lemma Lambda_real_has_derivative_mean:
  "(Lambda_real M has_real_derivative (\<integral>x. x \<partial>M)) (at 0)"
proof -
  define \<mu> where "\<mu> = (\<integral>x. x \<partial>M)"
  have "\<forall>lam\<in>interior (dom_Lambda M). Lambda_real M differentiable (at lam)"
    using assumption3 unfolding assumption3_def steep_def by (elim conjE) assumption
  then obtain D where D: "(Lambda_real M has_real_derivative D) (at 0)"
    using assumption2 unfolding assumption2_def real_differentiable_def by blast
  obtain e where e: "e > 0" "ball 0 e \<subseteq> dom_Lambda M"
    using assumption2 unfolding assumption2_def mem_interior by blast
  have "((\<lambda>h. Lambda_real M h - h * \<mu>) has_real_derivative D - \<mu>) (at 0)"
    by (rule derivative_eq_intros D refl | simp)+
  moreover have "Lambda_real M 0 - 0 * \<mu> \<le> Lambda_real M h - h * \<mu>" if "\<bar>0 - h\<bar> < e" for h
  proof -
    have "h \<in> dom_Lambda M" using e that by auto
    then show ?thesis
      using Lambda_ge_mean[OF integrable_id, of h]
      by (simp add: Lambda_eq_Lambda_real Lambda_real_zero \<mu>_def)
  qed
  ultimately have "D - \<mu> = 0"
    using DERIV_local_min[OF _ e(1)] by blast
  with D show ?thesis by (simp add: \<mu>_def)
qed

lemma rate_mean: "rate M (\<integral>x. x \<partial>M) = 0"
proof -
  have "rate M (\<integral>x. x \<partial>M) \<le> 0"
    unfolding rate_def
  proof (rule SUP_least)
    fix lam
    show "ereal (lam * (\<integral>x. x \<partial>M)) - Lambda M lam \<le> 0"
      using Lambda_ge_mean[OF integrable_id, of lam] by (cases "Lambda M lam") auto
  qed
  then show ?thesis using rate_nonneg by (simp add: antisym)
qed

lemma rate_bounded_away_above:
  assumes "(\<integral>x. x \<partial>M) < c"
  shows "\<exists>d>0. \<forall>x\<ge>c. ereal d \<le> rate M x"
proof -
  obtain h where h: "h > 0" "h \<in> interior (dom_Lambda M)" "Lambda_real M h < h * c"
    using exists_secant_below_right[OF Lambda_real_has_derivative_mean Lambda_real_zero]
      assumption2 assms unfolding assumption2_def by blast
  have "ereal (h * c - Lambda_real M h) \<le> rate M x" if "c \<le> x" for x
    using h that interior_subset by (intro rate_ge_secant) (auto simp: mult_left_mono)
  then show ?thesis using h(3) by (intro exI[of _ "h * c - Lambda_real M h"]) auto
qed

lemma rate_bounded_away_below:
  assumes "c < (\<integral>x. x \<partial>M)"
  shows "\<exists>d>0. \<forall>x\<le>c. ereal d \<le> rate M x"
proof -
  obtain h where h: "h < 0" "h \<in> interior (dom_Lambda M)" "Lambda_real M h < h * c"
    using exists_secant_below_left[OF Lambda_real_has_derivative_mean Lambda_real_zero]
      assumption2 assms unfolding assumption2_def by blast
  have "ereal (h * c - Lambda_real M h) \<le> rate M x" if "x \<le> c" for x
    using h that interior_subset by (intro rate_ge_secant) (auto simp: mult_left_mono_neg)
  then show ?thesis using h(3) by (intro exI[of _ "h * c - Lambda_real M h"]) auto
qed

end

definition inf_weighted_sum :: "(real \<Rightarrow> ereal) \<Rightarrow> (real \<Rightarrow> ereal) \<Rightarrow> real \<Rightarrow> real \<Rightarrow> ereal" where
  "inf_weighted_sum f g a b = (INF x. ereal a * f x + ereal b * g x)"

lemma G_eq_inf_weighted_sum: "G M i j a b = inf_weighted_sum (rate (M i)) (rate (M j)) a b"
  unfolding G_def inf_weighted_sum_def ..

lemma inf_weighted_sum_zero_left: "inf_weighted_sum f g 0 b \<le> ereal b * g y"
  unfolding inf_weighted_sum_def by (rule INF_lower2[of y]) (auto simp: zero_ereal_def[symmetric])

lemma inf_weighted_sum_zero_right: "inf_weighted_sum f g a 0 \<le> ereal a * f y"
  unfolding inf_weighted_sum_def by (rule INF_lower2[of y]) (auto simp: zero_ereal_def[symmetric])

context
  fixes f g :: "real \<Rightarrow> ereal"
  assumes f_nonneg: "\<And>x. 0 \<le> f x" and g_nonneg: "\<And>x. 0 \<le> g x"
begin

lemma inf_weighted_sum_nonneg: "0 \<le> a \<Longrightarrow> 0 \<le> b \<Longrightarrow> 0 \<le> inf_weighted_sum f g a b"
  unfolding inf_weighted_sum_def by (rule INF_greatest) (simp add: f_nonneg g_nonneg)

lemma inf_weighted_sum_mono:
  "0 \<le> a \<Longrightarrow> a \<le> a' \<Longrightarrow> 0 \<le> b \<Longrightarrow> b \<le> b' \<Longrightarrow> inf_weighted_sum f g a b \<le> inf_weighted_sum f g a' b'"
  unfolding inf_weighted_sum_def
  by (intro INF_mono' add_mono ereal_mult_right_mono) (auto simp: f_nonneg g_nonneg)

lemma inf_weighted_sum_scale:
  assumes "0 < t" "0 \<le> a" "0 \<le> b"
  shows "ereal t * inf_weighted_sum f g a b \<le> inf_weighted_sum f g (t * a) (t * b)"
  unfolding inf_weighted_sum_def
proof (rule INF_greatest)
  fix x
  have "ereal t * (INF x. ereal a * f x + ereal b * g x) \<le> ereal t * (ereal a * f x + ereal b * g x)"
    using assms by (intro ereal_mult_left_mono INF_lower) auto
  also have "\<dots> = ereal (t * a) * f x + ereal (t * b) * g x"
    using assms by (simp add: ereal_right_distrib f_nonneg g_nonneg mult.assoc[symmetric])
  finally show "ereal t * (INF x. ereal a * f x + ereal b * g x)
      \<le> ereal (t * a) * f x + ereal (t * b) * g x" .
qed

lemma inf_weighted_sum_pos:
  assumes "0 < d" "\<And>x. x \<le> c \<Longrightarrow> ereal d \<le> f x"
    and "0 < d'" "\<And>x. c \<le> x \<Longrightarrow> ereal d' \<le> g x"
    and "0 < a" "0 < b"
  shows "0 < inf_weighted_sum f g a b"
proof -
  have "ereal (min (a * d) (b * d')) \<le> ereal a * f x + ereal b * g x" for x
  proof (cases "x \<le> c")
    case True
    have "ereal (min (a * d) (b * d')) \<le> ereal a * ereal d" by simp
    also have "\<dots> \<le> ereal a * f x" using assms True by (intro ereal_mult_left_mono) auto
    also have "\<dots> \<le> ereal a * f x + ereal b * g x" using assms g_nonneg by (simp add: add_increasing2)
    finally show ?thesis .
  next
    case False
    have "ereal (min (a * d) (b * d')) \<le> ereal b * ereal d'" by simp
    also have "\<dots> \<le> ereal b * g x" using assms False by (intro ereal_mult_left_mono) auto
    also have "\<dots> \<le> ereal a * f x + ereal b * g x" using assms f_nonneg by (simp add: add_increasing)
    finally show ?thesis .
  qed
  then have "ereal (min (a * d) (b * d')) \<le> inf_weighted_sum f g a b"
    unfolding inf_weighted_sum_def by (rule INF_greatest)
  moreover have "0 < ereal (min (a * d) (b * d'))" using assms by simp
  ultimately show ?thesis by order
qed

━━━━━━━━━━━━━━━━━━━━

EXERCISE PROMPT:
Give back the entries above exactly as they are, from their first line through the line that contains "using assumption3 unfolding", both included, with nothing else.

OUTPUT:
lemma Lambda_real_has_derivative_mean:
  "(Lambda_real M has_real_derivative (\<integral>x. x \<partial>M)) (at 0)"
proof -
  define \<mu> where "\<mu> = (\<integral>x. x \<partial>M)"
  have "\<forall>lam\<in>interior (dom_Lambda M). Lambda_real M differentiable (at lam)"
    using assumption3 unfolding assumption3_def steep_def by (elim conjE) assumption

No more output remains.